Another policeman made his way over to Lincoln and Sorge. He was swinging his arms back and forth and beating his hands together, and still looked miserably cold. He wore a bushy mustache full of ice crystals. "If you ducks have to go speechifying, why the hell don't you do it and get it over with?" he said. "More time you waste, the better the chance somebody's going to freeze to death waiting for you to get on with it. Me, for instance."

"That's a good idea," Lincoln said, and Sorge did not disagree.

They ascended to the platform together. A hum of anticipation ran through the crowd. The hard-line Socialist minority began shouting slogans: "Workers of the world, unite!" "Down with the capitalist oppressors!" "Revolution!" They tried to turn that last into a rhythmic chant.

Abraham Lincoln held up his hands for quiet. Slowly, he gained it.

Friedrich Sorge had agreed, with some reluctance, that he should speak first. Lincoln 's logic was that a fiery call for revolution would frighten off the more moderate members of the crowd if they heard it before they heard anything else: they would think the party had no room for them. Lincoln hoped to show them otherwise. Once he'd done that, Sorge could be as fiery as he liked.

"My friends," Lincoln said, "let me begin by speaking to you of religion." That intrigued some of the crowd and, no doubt, horrified the rest, including the men waving red flags. Intrigued or horrified, they listened. He went on, "Some men think God has given them the right to eat their bread in the sweat of other men's faces. That is not the sort of religion upon which people can get to heaven."

Silence persisted for another few seconds. Then a great roar rose up from the crowd, not only from the ordinary, respectable folks who had been Republicans and were trying to find out why Lincoln was abandoning the party he had led to the White House but also from the hard cases waving red flags. Friedrich Sorge clapped his gloved hands together again and again.

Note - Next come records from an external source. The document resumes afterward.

text \<open>Both solutions vanish at \<open>0\<close> with bounded derivatives, so their Wronskian tends to \<open>0\<close> there.\<close>

lemma wronskian_eq_0:
  assumes y: "sl_solution q l y y'" "continuous_on {0..1} y" "y 0 = 0" "\<forall>x\<in>{0<..<1}. \<bar>y' x\<bar> \<le> K1"
    and u: "sl_solution q l u u'" "continuous_on {0..1} u" "u 0 = 0" "\<forall>x\<in>{0<..<1}. \<bar>u' x\<bar> \<le> K2"
    and x: "x \<in> {0<..<1}"
  shows "wronskian y y' u u' x = 0"
proof -
  obtain c where c: "\<And>x. x \<in> {0<..<1} \<Longrightarrow> wronskian y y' u u' x = c"
    using wronskian_constant[OF y(1) u(1)] by blast
  have ev: "eventually (\<lambda>x. x \<in> {0<..<1}) (at_right (0::real))"
    using eventually_at_right_real[OF zero_less_one] by simp
  have "(y \<longlongrightarrow> 0) (at_right 0)" "(u \<longlongrightarrow> 0) (at_right 0)"
    using continuous_on_Icc_at_rightD[OF y(2)] continuous_on_Icc_at_rightD[OF u(2)] y(3) u(3) by simp_all
  then have limg: "((\<lambda>x. \<bar>y x\<bar> * K2 + K1 * \<bar>u x\<bar>) \<longlongrightarrow> \<bar>0\<bar> * K2 + K1 * \<bar>0\<bar>) (at_right 0)"
    by (intro tendsto_intros)
  have lim0: "(wronskian y y' u u' \<longlongrightarrow> 0) (at_right 0)"
  proof (rule Lim_null_comparison)
    show "eventually (\<lambda>x. norm (wronskian y y' u u' x) \<le> \<bar>y x\<bar> * K2 + K1 * \<bar>u x\<bar>) (at_right 0)"
      using ev
    proof (rule eventually_mono)
      fix x :: real assume x: "x \<in> {0<..<1}"
      have "norm (wronskian y y' u u' x) \<le> \<bar>y x * u' x\<bar> + \<bar>y' x * u x\<bar>"
        unfolding wronskian_def by simp
      also have "\<bar>y x * u' x\<bar> \<le> \<bar>y x\<bar> * K2"
        unfolding abs_mult by (rule mult_left_mono) (use u(4) x in auto)
      also have "\<bar>y' x * u x\<bar> \<le> K1 * \<bar>u x\<bar>"
        unfolding abs_mult by (rule mult_right_mono) (use y(4) x in auto)
      finally show "norm (wronskian y y' u u' x) \<le> \<bar>y x\<bar> * K2 + K1 * \<bar>u x\<bar>" by simp
    qed
    show "((\<lambda>x. \<bar>y x\<bar> * K2 + K1 * \<bar>u x\<bar>) \<longlongrightarrow> 0) (at_right 0)"
      using limg by simp
  qed
  have "eventually (\<lambda>x. c = wronskian y y' u u' x) (at_right 0)"
    using ev by (rule eventually_mono) (simp add: c)
  then have "(wronskian y y' u u' \<longlongrightarrow> c) (at_right 0)"
    by (rule Lim_transform_eventually[OF tendsto_const])
  then have "c = 0" using tendsto_unique[OF trivial_limit_at_right_real _ lim0] by blast
  then show ?thesis using c[OF x] by simp
qed

lemma proportional_if_same_equation:
  assumes y: "sl_solution q l y y'" "continuous_on {0..1} y" "y 0 = 0" "\<forall>x\<in>{0<..<1}. \<bar>y' x\<bar> \<le> K1"
    and u: "sl_solution q l u u'" "continuous_on {0..1} u" "u 0 = 0" "\<forall>x\<in>{0<..<1}. \<bar>u' x\<bar> \<le> K2"
    and upos: "\<forall>x\<in>{0<..<1}. 0 < u x"
  obtains c where "\<And>x. x \<in> {0<..<1} \<Longrightarrow> y x = c * u x"
proof -
  have "((\<lambda>t. y t / u t) has_real_derivative 0) (at x within {0<..<1})" if x: "x \<in> {0<..<1}" for x
  proof -
    have ux: "u x \<noteq> 0" using upos x by force
    have "((\<lambda>t. y t / u t) has_real_derivative (y' x * u x - y x * u' x) / (u x * u x)) (at x)"
      using y(1) u(1) x ux unfolding sl_solution_def
      by (auto intro!: derivative_eq_intros simp: power2_eq_square)
    moreover have "y' x * u x - y x * u' x = 0"
      using wronskian_eq_0[OF y u x] by (simp add: wronskian_def)
    ultimately show ?thesis by (simp add: has_field_derivative_at_within)
  qed
  then obtain c where "\<And>x. x \<in> {0<..<1} \<Longrightarrow> y x / u x = c"
    using has_field_derivative_zero_constant[OF convex_real_interval(8)] by metis
  then have "\<And>x. x \<in> {0<..<1} \<Longrightarrow> y x = c * u x"
    using upos by (force simp: field_simps)
  then show ?thesis by (rule that)
qed

section \<open>Positivity of the ground state by shooting\<close>

lemma has_real_derivative_at_if_within_01:
  fixes f :: "real \<Rightarrow> real"
  assumes "x \<in> {0<..<1}" "(f has_real_derivative d) (at x within {0..1})"
  shows "(f has_real_derivative d) (at x)"
  using assms at_within_interior[of x "{0..1::real}"] by simp

lemma ivp_solution_sl_solution:
  assumes "ivp_solution (\<lambda>x. p x - l) u u'"
  shows "sl_solution p l u u'"
  unfolding sl_solution_def
proof
  fix x :: real assume x: "x \<in> {0<..<1}"
  then have "x \<in> {0..1}" by simp
  from has_real_derivative_at_if_within_01[OF x ivp_solutionD(1)[OF assms this]]
    has_real_derivative_at_if_within_01[OF x ivp_solutionD(2)[OF assms this]]
  show "(u has_real_derivative u' x) (at x) \<and> (u' has_real_derivative (p x - l) * u x) (at x)" by simp
qed

lemma ivp_solution_family:
  assumes "continuous_on {0..1} p"
  obtains U U' where "\<And>l. ivp_solution (\<lambda>x. p x - l) (U l) (U' l)"
proof -
  have "\<forall>l. \<exists>u u'. ivp_solution (\<lambda>x. p x - l) u u'"
    using ivp_solution_exists[OF continuous_on_diff[OF assms continuous_on_const]] by metis
  then show ?thesis using that by metis
qed

lemma ivp_solution_nonneg_no_interior_zero:
  fixes U U' :: "real \<Rightarrow> real"
  assumes s: "ivp_solution p U U'" and P: "\<And>x. x \<in> {0..1} \<Longrightarrow> \<bar>p x\<bar> \<le> P"
    and nn: "\<forall>x\<in>{0<..<1}. 0 \<le> U x" and x: "x \<in> {0<..<1}" and z: "U x = 0"
  shows False
proof -
  define d where "d = min x (1 - x)"
  have d: "0 < d" using x by (simp add: d_def)
  have dU: "DERIV U x :> U' x" using has_real_derivative_at_if_within_01[OF x ivp_solutionD(1)[OF s]] x by auto
  have "U' x = 0"
  proof (rule DERIV_local_min[OF dU d])
    show "\<forall>y. \<bar>x - y\<bar> < d \<longrightarrow> U x \<le> U y"
    proof (intro allI impI)
      fix y assume "\<bar>x - y\<bar> < d"
      then have "y \<in> {0<..<1}" unfolding d_def by (auto simp: abs_less_iff)
      then show "U x \<le> U y" using nn z by auto
    qed
  qed
  then show False using ivp_solution_no_double_zero[OF s P _ z] x by auto
qed

lemma Inf_image_attained:
  fixes g :: "'a::topological_space \<Rightarrow> real"
  assumes "compact S" "S \<noteq> {}" "continuous_on S g"
  shows "\<exists>x\<in>S. g x = Inf (g ` S)"
proof -
  obtain x where x: "x \<in> S" "\<forall>t\<in>S. g x \<le> g t"
    using continuous_attains_inf[OF assms] by blast
  have "Inf (g ` S) = g x" by (rule cInf_eq_minimum) (use x in auto)
  then show ?thesis using x by auto
qed

lemma Inf_image_le:
  fixes g :: "'a::topological_space \<Rightarrow> real"
  assumes "compact S" "continuous_on S g" "x \<in> S"
  shows "Inf (g ` S) \<le> g x"
  using assms by (intro cInf_lower imageI bounded_imp_bdd_below compact_imp_bounded compact_continuous_image)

"Here," Lincoln said, and now the crowd hushed at once to hear him. "I am a poor hand to quote Scripture, but I will try it. It is said in one of the admonitions of the Lord, 'As your Father in heaven is perfect, be ye also perfect.' He set that up as a standard, and he who did most toward reaching that standard, attained the highest degree of moral perfection. So I say in relation to the principle that all men are created equal. If we cannot give perfect freedom to every man, let us do nothing that will impose slavery on any man." He had to pause again, for no one could have heard him through the cheers.

When he could speak once more, he went on, "Let us turn this government back into the channel in which the framers of the Constitution originally placed it. Let us stand firmly by each other. And let us discard all quibbling about this class and that class and the other class." Now Sorge looked less ecstatic. Lincoln did not care. He forged ahead: "Let us hear no more how this man is only a labourer, and so counts for nothing. Let us hear no more how that man is a great and wealthy capitalist, and so his will must be obeyed. Let us discard all these things, and unite as one people throughout this land, until we shall once again stand up declaring that all men are created equal."

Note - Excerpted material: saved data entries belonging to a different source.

lemma minor_model_contract_into_branch:
  assumes gG: "graph G" and gH: "graph H" and B: "minor_model G H B" and x: "x \<in> verts H"
    and u: "u \<in> B x" "adj G x u"
  shows "minor_model (contract G u x) H (B(x := B x - {u}))"
proof -
  define G' where "G' = contract G u x"
  define B' where "B' = B(x := B x - {u})"
  have ux: "u \<noteq> x" using graph_adjD[OF gG u(2)] by auto
  have xB: "x \<in> B x" using minor_modelD(1)[OF B x] .
  note disj = minor_modelD(4)[OF B]
  have u_other: "u \<notin> B y" if "y \<in> verts H" "y \<noteq> x" for y
    using disj[of x y] that x u(1) by auto
  have "minor_model G' H B'"
  proof (rule minor_modelI)
    fix y assume y: "y \<in> verts H"
    show "y \<in> B' y" using minor_modelD(1)[OF B y] ux unfolding B'_def by auto
    show "B' y \<subseteq> verts G'"
      using minor_modelD(2)[OF B y] u_other[OF y] unfolding B'_def G'_def by auto
    show "connected_on G' (B' y)"
    proof (cases "y = x")
      case True
      then show ?thesis unfolding B'_def G'_def
        using connected_on_contract_into[OF minor_modelD(3)[OF B x] xB u(1) ux] by simp
    next
      case False
      have "reach G' (B y) a b" if "a \<in> B y" "b \<in> B y" for a b
        using connected_onD[OF minor_modelD(3)[OF B y] that]
      proof (rule reach_mono_adj)
        fix p q assume "p \<in> B y" "q \<in> B y" "adj G p q"
        then show "adj G' p q" unfolding G'_def using adj_contract_keep u_other[OF y False] by metis
      qed
      then show ?thesis using False unfolding B'_def connected_on_def by simp
    qed
  next
    fix y z assume "y \<in> verts H" "z \<in> verts H" "y \<noteq> z"
    then show "B' y \<inter> B' z = {}" using disj[of y z] unfolding B'_def by auto
  next
    have edge: "\<exists>a'\<in>B' p. \<exists>b'\<in>B' q. adj G' a' b'"
      if e: "{p, q} \<in> edges H" and ab: "a \<in> B p" "b \<in> B q" "adj G a b" "b \<noteq> u" for p q a b
    proof (cases "a = u")
      case True
      have pq: "p \<in> verts H" "q \<in> verts H" "p \<noteq> q"
        using graph_adjD[OF gH, of p q] e by (auto simp: adj_def)
      then have "p = x" using minor_model_branch_unique[OF B _ x] ab(1) u(1) True by blast
      then have "b \<notin> B x" "b \<noteq> x" using disj[of q x] pq ab(2) xB by auto
      then have "adj G' x b" "x \<in> B' p" "b \<in> B' q"
        using adj_contract_new[OF adj_sym[OF ab(3)[unfolded True]], of x] xB ux ab(2) \<open>p = x\<close> pq
        unfolding G'_def B'_def by auto
      then show ?thesis by blast
    next
      case False
      then have "adj G' a b" "a \<in> B' p" "b \<in> B' q"
        using adj_contract_keep[OF ab(3)] ab unfolding G'_def B'_def by auto
      then show ?thesis by blast
    qed
    fix p q assume e: "{p, q} \<in> edges H"
    obtain a b where ab: "a \<in> B p" "b \<in> B q" "adj G a b" using minor_modelD(5)[OF B e] by auto
    show "\<exists>a\<in>B' p. \<exists>b\<in>B' q. adj G' a b"
    proof (cases "b = u")
      case True
      then have "a \<noteq> u" using graph_adjD[OF gG ab(3)] by auto
      then show ?thesis using edge[of q p b a] e ab adj_sym by (metis insert_commute)
    qed (use edge e ab in blast)
  qed
  then show ?thesis unfolding G'_def B'_def .
qed

lemma minor_model_singletons_imp_subgraph:
  assumes gH: "graph H" and B: "minor_model G H B" and singletons: "\<forall>x\<in>verts H. B x = {x}"
  shows "subgraph H G"
  unfolding subgraph_def
proof (intro conjI subsetI)
  show "graph H" by fact
  show "x \<in> verts G" if "x \<in> verts H" for x using minor_modelD(1,2)[OF B that] by blast
  fix e assume e: "e \<in> edges H"
  then obtain p q where pq: "e = {p, q}" "p \<in> verts H" "q \<in> verts H" using graph_edgeD[OF gH] by blast
  then obtain a b where "a \<in> B p" "b \<in> B q" "adj G a b" using minor_modelD(5)[OF B] e by blast
  then show "e \<in> edges G" using singletons pq unfolding adj_def by auto
qed

lemma minor_model_imp_minor:
  assumes "graph G" "graph H" "minor_model G H B"
  shows "minor H G"
  using assms
proof (induction "\<Sum>x\<in>verts H. card (B x)" arbitrary: G B rule: less_induct)
  case less
  note gG = less.prems(1) and gH = less.prems(2) and B = less.prems(3)
  show ?case
  proof (cases "\<forall>x\<in>verts H. B x = {x}")
    case True
    then show ?thesis using gG minor_model_singletons_imp_subgraph[OF gH B] subgraph_imp_minor by blast
  next
    case False
    then obtain x where x: "x \<in> verts H" "B x \<noteq> {x}" by blast
    have xB: "x \<in> B x" using minor_modelD(1)[OF B x(1)] .
    then obtain u0 where "u0 \<in> B x" "u0 \<noteq> x" using x(2) by blast
    then have "reach G (B x) x u0" using connected_onD[OF minor_modelD(3)[OF B x(1)] xB] by blast
    then obtain u where u: "u \<in> B x" "adj G x u" using reach_first_step \<open>u0 \<noteq> x\<close> by metis
    define G' where "G' = contract G u x"
    define B' where "B' = B(x := B x - {u})"
    have gG': "graph G'" unfolding G'_def using graph_contract[OF gG adj_sym[OF u(2)]] .
    have B': "minor_model G' H B'"
      unfolding G'_def B'_def by (rule minor_model_contract_into_branch[OF gG gH B x(1) u])
    have finBx: "finite (B x)"
      using minor_modelD(2)[OF B x(1)] gG finite_subset unfolding graph_def by blast
    have "(\<Sum>y\<in>verts H. card (B' y)) < (\<Sum>y\<in>verts H. card (B y))"
    proof (rule sum_strict_mono_ex1)
      show "finite (verts H)" using gH by (simp add: graph_def)
      show "\<forall>y\<in>verts H. card (B' y) \<le> card (B y)"
        unfolding B'_def using finBx by (auto intro: card_mono)
      show "\<exists>y\<in>verts H. card (B' y) < card (B y)"
        unfolding B'_def using x(1) card_Diff1_less[OF finBx u(1)] by auto
    qed
    then have "minor H G'" using less.hyps gG' gH B' by blast
    moreover have "minor G' G" unfolding G'_def by (rule minor.contr[OF minor.refl[OF gG] adj_sym[OF u(2)]])
    ultimately show ?thesis by (rule minor_trans)
  qed
qed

Again he drew cheers from both factions in the crowd. When they washed over him, he felt neither chilled nor old. As they ebbed, he resumed: "I think this new Socialist Party is and shall be made up of those who, peaceably as far as they can, will oppose the extension of capitalist exploitation, and who will hope for its ultimate extinction- who will believe, if it ceases to spread, that it is in the course of ultimate extinction.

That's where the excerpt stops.